A 1.6B-parameter voice actor that laughs, coughs, and clears its throat
Dia generates multi-speaker dialogue with nonverbal sounds in a single pass, no post-processing required.

What it does
Dia is a 1.6B-parameter TTS model that turns transcripts into spoken dialogue between two speakers, marked with [S1] and [S2] tags. It also handles nonverbal cues—(laughs), (sighs), (clears throat), and about fifteen others—baked directly into the generated audio. You can condition it on a short audio clip for voice cloning, or let it invent new voices each run.

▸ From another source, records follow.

lemma pos_edge_counts:
  assumes "u \<in> V" "v \<in> V" "sg u v = 1"
  shows "a = int (card (Com_sg 1 1 u v)) + int (card (Com_sg (-1) (-1) u v))
      - 2 * int (card (Com_sg 1 (-1) u v))"
    and "card (Com u v) = card (Com_sg 1 1 u v) + card (Com_sg (-1) (-1) u v)
      + 2 * card (Com_sg 1 (-1) u v)"
    and "card (Com_sg 1 1 u v) + card (Com_sg 1 (-1) u v) \<le> 2"
    and "card (Com_sg (-1) (-1) u v) + card (Com_sg 1 (-1) u v) \<le> 2"
  using edge_counts[OF assms(1,2)] card_signed_nbrs_Diff_singleton[OF assms(1,2)]
    SRSG_A2_pos[OF srsg assms] assms(3) by simp_all

lemma neg_edge_counts:
  assumes "u \<in> V" "v \<in> V" "sg u v = -1"
  shows "b = int (card (Com_sg 1 1 u v)) + int (card (Com_sg (-1) (-1) u v))
      - 2 * int (card (Com_sg 1 (-1) u v))"
    and "card (Com u v) = card (Com_sg 1 1 u v) + card (Com_sg (-1) (-1) u v)
      + 2 * card (Com_sg 1 (-1) u v)"
    and "card (Com_sg 1 1 u v) + card (Com_sg 1 (-1) u v) \<le> 3"
    and "card (Com_sg (-1) (-1) u v) + card (Com_sg 1 (-1) u v) \<le> 1"
  using edge_counts[OF assms(1,2)] card_signed_nbrs_Diff_singleton[OF assms(1,2)]
    SRSG_A2_neg[OF srsg assms] assms(3) by simp_all

lemma pos_edge_no_common_nbrs_if_a_minus_4_0_4:
  assumes "a = -4 \<or> a = 0 \<or> a = 4" "u \<in> V" "v \<in> V" "sg u v = 1"
  shows "Com u v = {}"
proof (rule pos_edge_no_common_nbrs[OF _ assms(2-4)])
  fix x y assume xy: "x \<in> V" "y \<in> V" "sg x y = 1" and "Com x y \<noteq> {}"
  then have "card (Com x y) \<noteq> 0"
    by simp
  then show "card (Com x y) = 4"
    using pos_edge_counts[OF xy] assms(1)
    by (cases "card (Com_sg 1 (-1) x y) = 0"; elim disjE; linarith)
qed

lemma a_cases: "a = -2 \<or> a = 0 \<or> a = 2"
proof -
  obtain u v where uv: "u \<in> V" "v \<in> V" "sg u v = 1"
    using ex_signed_edge by blast
  note counts = pos_edge_counts[OF uv]
  have "a \<noteq> 4 \<and> a \<noteq> -4"
    using pos_edge_no_common_nbrs_if_a_minus_4_0_4[OF _ uv] counts by fastforce
  moreover have "even (3 * a - 2 * b)"
    using even_pos_degree_a_minus_neg_degree_b[OF srsg uv(1)] card_pos_nbrs[OF uv(1)]
      card_neg_nbrs[OF uv(1)] by (simp add: pos_degree_def neg_degree_def signed_nbrs_def)
  moreover have "-4 \<le> a" "a \<le> 4"
    using counts by linarith+
  ultimately show ?thesis
    by presburger
qed

lemma pos_edge_if_a_2:
  assumes "a = 2" "u \<in> V" "v \<in> V" "sg u v = 1"
  shows "Com_sg (-1) 1 u v = {}"
proof -
  have "card (Com_sg 1 (-1) u v) = 0"
    using pos_edge_counts[OF assms(2-4)] assms(1) by linarith
  then show ?thesis
    using card_neg_pos_eq_card_pos_neg[OF assms(2,3)] by simp
qed

lemma pos_edge_if_a_minus_2:
  assumes "a = -2" "u \<in> V" "v \<in> V" "sg u v = 1"
  shows "Com_sg (-1) (-1) u v = {}" and "card (Com_sg (-1) 1 u v) = 1"
proof -
  have "card (Com_sg (-1) (-1) u v) = 0 \<and> card (Com_sg 1 (-1) u v) = 1"
    using pos_edge_counts[OF assms(2-4)] assms(1) by linarith
  then show "Com_sg (-1) (-1) u v = {}" and "card (Com_sg (-1) 1 u v) = 1"
    using card_neg_pos_eq_card_pos_neg[OF assms(2,3)] by simp_all
qed

lemma neg_edge_no_pos_pos_if_a_ne_minus_2:
  assumes "a \<noteq> -2" "u \<in> V" "v \<in> V" "sg u v = -1"
  shows "Com_sg 1 1 u v = {}"
proof (rule ccontr)
  assume "Com_sg 1 1 u v \<noteq> {}"
  then obtain w where w: "w \<in> V" "sg u w = 1" "sg v w = 1"
    by (auto simp: common_signed_nbrs_def)
  have "v \<in> Com u w" and "v \<in> Com_sg (-1) 1 u w"
    using assms(3,4) w(3) sg_sym[OF signed w(1) assms(3)]
    by (simp_all add: common_nbrs_def common_signed_nbrs_def adj_def)
  then show False
    using a_cases assms(1) pos_edge_no_common_nbrs_if_a_minus_4_0_4[OF _ assms(2) w(1,2)]
      pos_edge_if_a_2[OF _ assms(2) w(1,2)] by auto
qed

lemma a_eq_2_if_neg_edge_pos_neg:
  assumes "u \<in> V" "v \<in> V" "sg u v = -1" "Com_sg 1 (-1) u v \<noteq> {}"
  shows "a = 2"
proof -
  obtain w where w: "w \<in> V" "sg u w = 1" "sg v w = -1"
    using assms(4) by (auto simp: common_signed_nbrs_def)
  have "v \<in> Com u w" and "v \<in> Com_sg (-1) (-1) u w"
    using assms(2,3) w(3) sg_sym[OF signed w(1) assms(2)]
    by (simp_all add: common_nbrs_def common_signed_nbrs_def adj_def)
  then show ?thesis
    using a_cases pos_edge_no_common_nbrs_if_a_minus_4_0_4[OF _ assms(1) w(1,2)]
      pos_edge_if_a_minus_2(1)[OF _ assms(1) w(1,2)] by auto
qed

lemma b_ge_minus_2: "-2 \<le> b"
proof -
  obtain u v where "u \<in> V" "v \<in> V" "sg u v = -1"
    using ex_signed_edge by blast
  then show ?thesis
    using neg_edge_counts by fastforce
qed

lemma sum_card_pos_pos_neg_nbrs_if_a_minus_2:
  assumes "a = -2" "u \<in> V"
  shows "(\<Sum>m\<in>Neg u. card (Com_sg 1 1 u m)) = 3"
proof -
  have "Com_sg 1 1 u m = {p\<in>Pos u. sg p m = 1}" if "m \<in> Neg u" for m
  proof -
    have "m \<in> V"
      using that by (simp add: signed_nbrs_def)
    show ?thesis
      unfolding common_signed_nbrs_def signed_nbrs_def
      by (rule Collect_cong) (use sg_sym[OF signed \<open>m \<in> V\<close>] in auto)
  qed
  then have "(\<Sum>m\<in>Neg u. card (Com_sg 1 1 u m)) = (\<Sum>m\<in>Neg u. card {p\<in>Pos u. sg p m = 1})"
    by simp
  also have "\<dots> = (\<Sum>p\<in>Pos u. card {m\<in>Neg u. sg p m = 1})"
    unfolding card_eq_sum
    by (rule sum.swap_restrict[of "Pos u" "Neg u" "\<lambda>_ _. 1" "\<lambda>p m. sg p m = 1", symmetric])
      (use finite_vertices[OF signed] in \<open>simp_all add: signed_nbrs_def\<close>)
  also have "\<dots> = (\<Sum>p\<in>Pos u. card (Com_sg (-1) 1 u p))"
    by (intro sum.cong refl arg_cong[where f = card]) (auto simp: common_signed_nbrs_def signed_nbrs_def)
  also have "\<dots> = (\<Sum>p\<in>Pos u. 1)"
    using pos_edge_if_a_minus_2(2)[OF assms(1,2)] by (simp add: signed_nbrs_def)
  finally show ?thesis
    using card_pos_nbrs[OF assms(2)] by simp
qed

lemma b_lt_3: "b < 3"
proof (rule ccontr)
  assume "\<not> b < 3"
  then have pos_pos: "2 \<le> card (Com_sg 1 1 u m)" if "u \<in> V" "m \<in> V" "sg u m = -1" for u m
    using neg_edge_counts[OF that] by linarith
  obtain u m where um: "u \<in> V" "m \<in> V" "sg u m = -1"
    using ex_signed_edge by blast
  have "a = -2"
    using pos_pos[OF um] neg_edge_no_pos_pos_if_a_ne_minus_2[OF _ um] by fastforce
  have "(\<Sum>m\<in>Neg u. 2) \<le> (\<Sum>m\<in>Neg u. card (Com_sg 1 1 u m))"
    using pos_pos[OF um(1)] by (intro sum_mono) (auto simp: signed_nbrs_def)
  then show False
    using sum_card_pos_pos_neg_nbrs_if_a_minus_2[OF \<open>a = -2\<close> um(1)] card_neg_nbrs[OF um(1)] by simp
qed

lemma neg_edge_no_common_nbrs_if_b_0:
  assumes "b = 0" "u \<in> V" "v \<in> V" "sg u v = -1"
  shows "Com u v = {}"
proof -
  note counts = neg_edge_counts[OF assms(2-4)]
  have "card (Com_sg 1 (-1) u v) = 0"
  proof (rule ccontr)
    assume pos_neg: "card (Com_sg 1 (-1) u v) \<noteq> 0"
    then have "a = 2"
      using a_eq_2_if_neg_edge_pos_neg[OF assms(2-4)] by fastforce
    then have "card (Com_sg 1 1 u v) = 0"
      using neg_edge_no_pos_pos_if_a_ne_minus_2[OF _ assms(2-4)] by simp
    then show False
      using pos_neg counts assms(1) by linarith
  qed
  then have "card (Com u v) = 0"
    using counts assms(1) by linarith
  then show ?thesis
    by simp
qed

lemma b_le_0_if_balanced_triangle:
  assumes "u \<in> V" "v \<in> V" "w \<in> V" "sg u v = -1" "sg v w = -1" "sg w u = 1"
  shows "b \<le> 0"
proof -
  have "w \<in> Com_sg 1 (-1) u v"
    using assms sg_sym[OF signed assms(1,3)] by (simp add: common_signed_nbrs_def)
  then have "card (Com_sg 1 (-1) u v) \<noteq> 0"
    by auto
  then show ?thesis
    using neg_edge_counts[OF assms(1,2,4)] by linarith
qed

lemma a_eq_minus_2_if_b:
  assumes "b = 2 \<or> b = -1"
  shows "a = -2"
proof -
  obtain u v where uv: "u \<in> V" "v \<in> V" "sg u v = -1"
    using ex_signed_edge by blast
  have "card (Com_sg 1 1 u v) \<noteq> 0"
    using neg_edge_counts[OF uv] assms
    by (cases "card (Com_sg 1 (-1) u v) = 0"; elim disjE; linarith)
  then show ?thesis
    using neg_edge_no_pos_pos_if_a_ne_minus_2[OF _ uv] by fastforce
qed

lemma a_eq_2_if_b_minus_2:
  assumes "b = -2"
  shows "a = 2"
proof -
  obtain u v where uv: "u \<in> V" "v \<in> V" "sg u v = -1"
    using ex_signed_edge by blast
  have "card (Com_sg 1 (-1) u v) \<noteq> 0"
    using neg_edge_counts[OF uv] assms by linarith
  then show ?thesis
    using a_eq_2_if_neg_edge_pos_neg[OF uv] by fastforce
qed

end

lemma classes_C1_C4_C5_nondegenerate:
  assumes "class_C1 V sg a b c \<or> class_C4 V sg a b c \<or> class_C5 V sg a b c" "\<not> complete V sg"
  shows "a + b \<noteq> 2 * c"
proof
  assume "a + b = 2 * c"
  then have "real_of_int c = real_of_int (a + b) / 2"
    by simp
  then show False
    using assms \<open>a + b = 2 * c\<close> unfolding class_C1_def class_C4_def class_C5_def by auto
qed

theorem proposition3p4:
  fixes V :: "'a set" and sg :: "'a \<Rightarrow> 'a \<Rightarrow> int" and n :: nat and a b c :: int
  assumes srsg: "SRSG V sg n 5 a b c"
    and cls: "class_C1 V sg a b c \<or> class_C4 V sg a b c \<or> class_C5 V sg a b c"
    and conn: "connected_sg V sg"
    and noncomp: "\<not> complete V sg"
    and reg: "regular V sg 5"
    and netreg: "net_regular V sg 1"
  shows "a < 3
    \<and> (a = 0 \<longrightarrow> (\<forall>u\<in>V. \<forall>v\<in>V. sg u v = 1 \<longrightarrow>
                     \<not> (\<exists>w\<in>V. adj sg u w \<and> adj sg v w)))
    \<and> (b = 0 \<longrightarrow> (\<forall>u\<in>V. \<forall>v\<in>V. sg u v = -1 \<longrightarrow>
                     \<not> (\<exists>w\<in>V. adj sg u w \<and> adj sg v w)))
    \<and> (a = -1 \<longrightarrow> b \<le> 0)
    \<and> (a = -2 \<longrightarrow> b \<ge> -1)
    \<and> a > -3
    \<and> (-2 \<le> b \<and> b < 3)
    \<and> ((\<exists>u\<in>V. \<exists>v\<in>V. \<exists>w\<in>V. u \<noteq> v \<and> v \<noteq> w \<and> u \<noteq> w \<and>
          sg u v = -1 \<and> sg v w = -1 \<and> sg u v * sg v w * sg w u = 1) \<longrightarrow> b \<le> 0)
    \<and> ((b = 2 \<or> b = -1) \<longrightarrow> a \<le> 0)
    \<and> (b = -2 \<longrightarrow> a \<ge> 1)"
proof -
  note signed = SRSG_signed_graph[OF srsg]
  note degrees = pos_neg_degree_if_regular_net_regular[OF signed reg netreg]
  interpret srsg_5_1 V sg n a b c
    using signed conn noncomp srsg classes_C1_C4_C5_nondegenerate[OF cls noncomp] degrees
    by unfold_locales (force simp: pos_degree_def neg_degree_def signed_nbrs_def)+
  have no_common: "Com u v = {} \<longleftrightarrow> \<not> (\<exists>w\<in>V. adj sg u w \<and> adj sg v w)" for u v
    by (auto simp: common_nbrs_def)
  have triangle: "b \<le> 0" if "u \<in> V" "v \<in> V" "w \<in> V" "sg u v = -1" "sg v w = -1"
    "sg u v * sg v w * sg w u = 1" for u v w
    using b_le_0_if_balanced_triangle[OF that(1-5)] that(4-6) by simp
  show ?thesis
    using a_cases b_ge_minus_2 b_lt_3 a_eq_minus_2_if_b a_eq_2_if_b_minus_2 triangle
      pos_edge_no_common_nbrs_if_a_minus_4_0_4 neg_edge_no_common_nbrs_if_b_0 no_common
    by (smt (verit))
qed

end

The interesting bit Most TTS systems generate clean speech and call it a day. Dia treats conversation as the native format, not a concatenation of monologues. The model was inspired by SoundStorm and Parakeet, and it runs at 2.1x real-time on an RTX 4090 in bfloat16—fast enough to iterate on scripts without brewing coffee between generations.
Key highlights
- Single-pass dialogue generation with speaker tags and nonverbal sounds
- Voice cloning via 5–10 second audio prompts (with transcript prepended)
- Hugging Face Transformers integration; also runs standalone with pip or uv
- ~4.4 GB VRAM in mixed precision, ~7.9 GB in float32
- Apache 2.0 license; weights hosted on Hugging Face
Caveats
- English only; CPU support and quantization are on the TODO list
- Short inputs (<5s) sound unnatural; long inputs (>20s) speed up unnaturally
- RTX 5000-series GPUs need torch 2.8 nightly (see issue #26)
- No fixed default voice—speaker consistency requires seed locking or audio prompting
Verdict Worth a spin if you’re prototyping podcasts, games, or any project where two people need to sound like they’re actually talking. Skip it for now if you need non-English, CPU-only deployment, or production-grade voice consistency without prompt engineering.